Activity
Collect every line of the records below that contains the word "ball".

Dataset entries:
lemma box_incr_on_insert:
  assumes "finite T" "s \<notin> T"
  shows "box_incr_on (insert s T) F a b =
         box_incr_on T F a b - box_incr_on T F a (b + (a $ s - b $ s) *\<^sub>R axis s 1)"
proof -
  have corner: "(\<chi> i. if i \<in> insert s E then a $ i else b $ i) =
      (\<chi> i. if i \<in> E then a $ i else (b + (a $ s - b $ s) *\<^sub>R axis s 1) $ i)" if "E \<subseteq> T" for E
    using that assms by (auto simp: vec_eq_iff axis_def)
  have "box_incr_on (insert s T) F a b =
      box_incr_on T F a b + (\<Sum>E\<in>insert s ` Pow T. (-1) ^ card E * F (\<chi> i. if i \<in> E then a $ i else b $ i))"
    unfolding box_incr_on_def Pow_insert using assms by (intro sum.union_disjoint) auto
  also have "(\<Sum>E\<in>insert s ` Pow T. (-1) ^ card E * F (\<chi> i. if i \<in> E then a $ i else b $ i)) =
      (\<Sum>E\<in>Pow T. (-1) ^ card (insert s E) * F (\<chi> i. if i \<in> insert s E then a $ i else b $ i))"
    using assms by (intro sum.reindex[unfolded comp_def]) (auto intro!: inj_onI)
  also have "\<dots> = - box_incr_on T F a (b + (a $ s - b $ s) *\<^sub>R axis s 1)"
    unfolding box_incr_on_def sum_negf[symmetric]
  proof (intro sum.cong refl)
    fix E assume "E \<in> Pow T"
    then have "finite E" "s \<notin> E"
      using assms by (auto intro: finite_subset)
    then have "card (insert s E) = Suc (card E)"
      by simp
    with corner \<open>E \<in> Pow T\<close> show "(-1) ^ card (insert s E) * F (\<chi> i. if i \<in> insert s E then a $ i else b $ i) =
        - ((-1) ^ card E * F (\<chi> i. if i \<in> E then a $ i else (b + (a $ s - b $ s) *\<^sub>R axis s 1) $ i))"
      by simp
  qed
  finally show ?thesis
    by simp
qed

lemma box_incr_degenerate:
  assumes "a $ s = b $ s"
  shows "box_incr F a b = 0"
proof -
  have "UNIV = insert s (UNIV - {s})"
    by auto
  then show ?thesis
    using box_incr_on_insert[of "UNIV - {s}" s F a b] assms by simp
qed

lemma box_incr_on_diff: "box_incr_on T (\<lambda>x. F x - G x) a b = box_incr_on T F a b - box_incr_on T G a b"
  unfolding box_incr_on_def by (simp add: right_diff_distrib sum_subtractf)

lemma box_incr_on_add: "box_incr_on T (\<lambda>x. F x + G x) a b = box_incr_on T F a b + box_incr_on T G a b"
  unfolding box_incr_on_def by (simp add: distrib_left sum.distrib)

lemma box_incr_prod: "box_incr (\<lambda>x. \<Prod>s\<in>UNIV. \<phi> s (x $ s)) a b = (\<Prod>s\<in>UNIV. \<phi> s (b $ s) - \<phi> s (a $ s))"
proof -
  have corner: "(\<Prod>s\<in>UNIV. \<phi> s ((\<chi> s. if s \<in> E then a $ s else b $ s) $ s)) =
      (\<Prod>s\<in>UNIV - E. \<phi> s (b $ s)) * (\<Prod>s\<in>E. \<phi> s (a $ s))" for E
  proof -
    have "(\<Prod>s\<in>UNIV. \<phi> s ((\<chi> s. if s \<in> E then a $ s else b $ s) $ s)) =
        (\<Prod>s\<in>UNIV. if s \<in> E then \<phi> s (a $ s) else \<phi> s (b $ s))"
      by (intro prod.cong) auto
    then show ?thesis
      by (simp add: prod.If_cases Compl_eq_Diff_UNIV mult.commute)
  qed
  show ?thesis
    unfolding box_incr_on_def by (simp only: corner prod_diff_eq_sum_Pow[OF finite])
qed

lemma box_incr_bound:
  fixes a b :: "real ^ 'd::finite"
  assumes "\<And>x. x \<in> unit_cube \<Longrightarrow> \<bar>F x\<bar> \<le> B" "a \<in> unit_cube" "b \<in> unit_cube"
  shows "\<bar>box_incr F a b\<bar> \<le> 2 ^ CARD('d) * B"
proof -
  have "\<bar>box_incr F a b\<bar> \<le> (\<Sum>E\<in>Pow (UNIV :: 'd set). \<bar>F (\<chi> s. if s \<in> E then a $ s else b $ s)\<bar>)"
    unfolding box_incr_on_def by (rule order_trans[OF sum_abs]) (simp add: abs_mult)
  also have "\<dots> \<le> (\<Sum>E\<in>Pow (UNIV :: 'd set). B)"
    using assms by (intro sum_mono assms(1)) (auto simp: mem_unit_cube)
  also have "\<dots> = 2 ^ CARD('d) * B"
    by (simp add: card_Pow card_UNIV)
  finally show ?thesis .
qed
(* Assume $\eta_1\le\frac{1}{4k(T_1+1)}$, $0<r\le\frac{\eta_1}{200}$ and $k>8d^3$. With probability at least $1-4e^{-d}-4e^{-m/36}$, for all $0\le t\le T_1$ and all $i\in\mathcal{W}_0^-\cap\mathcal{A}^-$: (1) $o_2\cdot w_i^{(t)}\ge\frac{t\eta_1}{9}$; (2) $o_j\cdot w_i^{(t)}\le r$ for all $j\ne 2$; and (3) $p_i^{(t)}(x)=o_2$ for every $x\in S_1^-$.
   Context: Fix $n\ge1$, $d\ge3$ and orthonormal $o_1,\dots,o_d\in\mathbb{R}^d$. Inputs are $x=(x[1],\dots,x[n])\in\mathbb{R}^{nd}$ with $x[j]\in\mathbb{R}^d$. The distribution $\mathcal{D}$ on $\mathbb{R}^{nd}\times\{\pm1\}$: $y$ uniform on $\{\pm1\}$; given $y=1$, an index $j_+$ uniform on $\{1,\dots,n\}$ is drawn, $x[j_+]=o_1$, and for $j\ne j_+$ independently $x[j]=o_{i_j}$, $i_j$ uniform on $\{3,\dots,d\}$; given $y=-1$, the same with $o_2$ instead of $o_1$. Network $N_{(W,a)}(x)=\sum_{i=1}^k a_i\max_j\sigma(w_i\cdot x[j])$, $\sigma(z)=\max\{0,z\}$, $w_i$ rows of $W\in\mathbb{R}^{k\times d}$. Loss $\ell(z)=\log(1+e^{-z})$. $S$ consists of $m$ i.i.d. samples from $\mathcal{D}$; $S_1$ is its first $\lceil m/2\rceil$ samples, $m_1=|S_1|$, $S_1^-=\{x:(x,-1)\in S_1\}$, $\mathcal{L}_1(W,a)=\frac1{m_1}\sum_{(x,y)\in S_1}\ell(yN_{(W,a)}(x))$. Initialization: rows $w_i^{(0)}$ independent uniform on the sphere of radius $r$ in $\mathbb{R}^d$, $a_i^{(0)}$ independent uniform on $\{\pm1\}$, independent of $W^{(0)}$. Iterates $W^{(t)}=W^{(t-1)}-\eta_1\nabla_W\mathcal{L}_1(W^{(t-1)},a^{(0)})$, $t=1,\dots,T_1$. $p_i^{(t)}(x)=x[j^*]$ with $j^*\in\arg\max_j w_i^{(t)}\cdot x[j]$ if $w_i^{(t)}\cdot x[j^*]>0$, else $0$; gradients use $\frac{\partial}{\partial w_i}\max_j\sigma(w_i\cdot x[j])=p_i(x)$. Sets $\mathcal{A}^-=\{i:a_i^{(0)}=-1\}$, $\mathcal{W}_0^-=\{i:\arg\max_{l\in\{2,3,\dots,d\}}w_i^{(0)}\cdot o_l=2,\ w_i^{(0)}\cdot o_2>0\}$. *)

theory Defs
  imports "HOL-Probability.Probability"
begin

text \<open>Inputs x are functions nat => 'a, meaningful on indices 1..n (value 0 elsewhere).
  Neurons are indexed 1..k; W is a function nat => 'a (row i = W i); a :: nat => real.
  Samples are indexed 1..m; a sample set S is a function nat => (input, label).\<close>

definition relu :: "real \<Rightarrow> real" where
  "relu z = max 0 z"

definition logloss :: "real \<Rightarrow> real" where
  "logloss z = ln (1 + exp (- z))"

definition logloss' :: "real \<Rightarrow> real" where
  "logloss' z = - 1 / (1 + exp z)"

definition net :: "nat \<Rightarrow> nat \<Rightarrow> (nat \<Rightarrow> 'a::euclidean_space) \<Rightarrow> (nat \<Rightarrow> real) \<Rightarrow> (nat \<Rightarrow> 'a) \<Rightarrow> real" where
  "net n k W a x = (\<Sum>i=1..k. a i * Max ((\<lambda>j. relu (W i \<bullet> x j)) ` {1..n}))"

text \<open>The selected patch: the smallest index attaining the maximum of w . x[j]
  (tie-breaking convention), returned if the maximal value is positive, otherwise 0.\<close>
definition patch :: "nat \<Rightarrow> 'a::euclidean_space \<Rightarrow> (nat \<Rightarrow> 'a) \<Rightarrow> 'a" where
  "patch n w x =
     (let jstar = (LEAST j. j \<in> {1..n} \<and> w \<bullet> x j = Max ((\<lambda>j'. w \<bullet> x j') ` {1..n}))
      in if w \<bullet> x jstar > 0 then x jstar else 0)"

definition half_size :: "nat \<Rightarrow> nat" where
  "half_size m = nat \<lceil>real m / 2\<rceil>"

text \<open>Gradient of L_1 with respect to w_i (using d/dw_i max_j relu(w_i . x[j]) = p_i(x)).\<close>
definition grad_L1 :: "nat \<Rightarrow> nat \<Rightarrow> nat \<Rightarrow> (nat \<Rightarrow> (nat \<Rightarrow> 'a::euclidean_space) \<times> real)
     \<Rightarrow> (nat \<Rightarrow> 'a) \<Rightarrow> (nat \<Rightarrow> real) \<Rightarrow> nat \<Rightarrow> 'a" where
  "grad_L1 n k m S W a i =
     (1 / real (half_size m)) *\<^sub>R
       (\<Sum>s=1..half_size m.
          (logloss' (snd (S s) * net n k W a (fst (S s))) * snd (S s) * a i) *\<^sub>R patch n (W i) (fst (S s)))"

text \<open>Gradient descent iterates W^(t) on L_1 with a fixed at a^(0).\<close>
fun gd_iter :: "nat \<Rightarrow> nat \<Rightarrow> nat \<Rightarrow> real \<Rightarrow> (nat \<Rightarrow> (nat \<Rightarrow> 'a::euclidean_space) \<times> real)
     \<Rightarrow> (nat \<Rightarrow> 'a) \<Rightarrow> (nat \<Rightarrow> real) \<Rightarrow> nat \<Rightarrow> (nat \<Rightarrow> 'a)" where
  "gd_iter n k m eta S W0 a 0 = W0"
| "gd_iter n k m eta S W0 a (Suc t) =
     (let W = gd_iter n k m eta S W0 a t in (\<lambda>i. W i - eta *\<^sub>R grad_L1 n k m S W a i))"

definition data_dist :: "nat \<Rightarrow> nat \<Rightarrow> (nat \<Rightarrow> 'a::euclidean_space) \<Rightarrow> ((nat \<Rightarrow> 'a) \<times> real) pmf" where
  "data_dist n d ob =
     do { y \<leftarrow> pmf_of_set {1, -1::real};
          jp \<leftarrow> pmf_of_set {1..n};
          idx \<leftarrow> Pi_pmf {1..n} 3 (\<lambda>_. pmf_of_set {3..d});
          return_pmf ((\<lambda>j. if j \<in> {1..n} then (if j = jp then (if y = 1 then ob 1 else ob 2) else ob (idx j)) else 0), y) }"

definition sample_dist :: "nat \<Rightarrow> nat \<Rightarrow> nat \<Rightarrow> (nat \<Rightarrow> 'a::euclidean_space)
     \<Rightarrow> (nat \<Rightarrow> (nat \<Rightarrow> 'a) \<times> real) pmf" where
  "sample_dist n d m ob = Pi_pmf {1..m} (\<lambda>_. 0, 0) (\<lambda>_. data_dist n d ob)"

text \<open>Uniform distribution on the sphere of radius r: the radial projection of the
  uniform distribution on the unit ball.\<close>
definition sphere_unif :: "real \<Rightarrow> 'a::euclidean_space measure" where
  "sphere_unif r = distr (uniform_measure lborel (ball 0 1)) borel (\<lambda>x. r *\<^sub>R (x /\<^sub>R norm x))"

Response box
  uniform distribution on the unit ball.\<close>
  "sphere_unif r = distr (uniform_measure lborel (ball 0 1)) borel (\<lambda>x. r *\<^sub>R (x /\<^sub>R norm x))"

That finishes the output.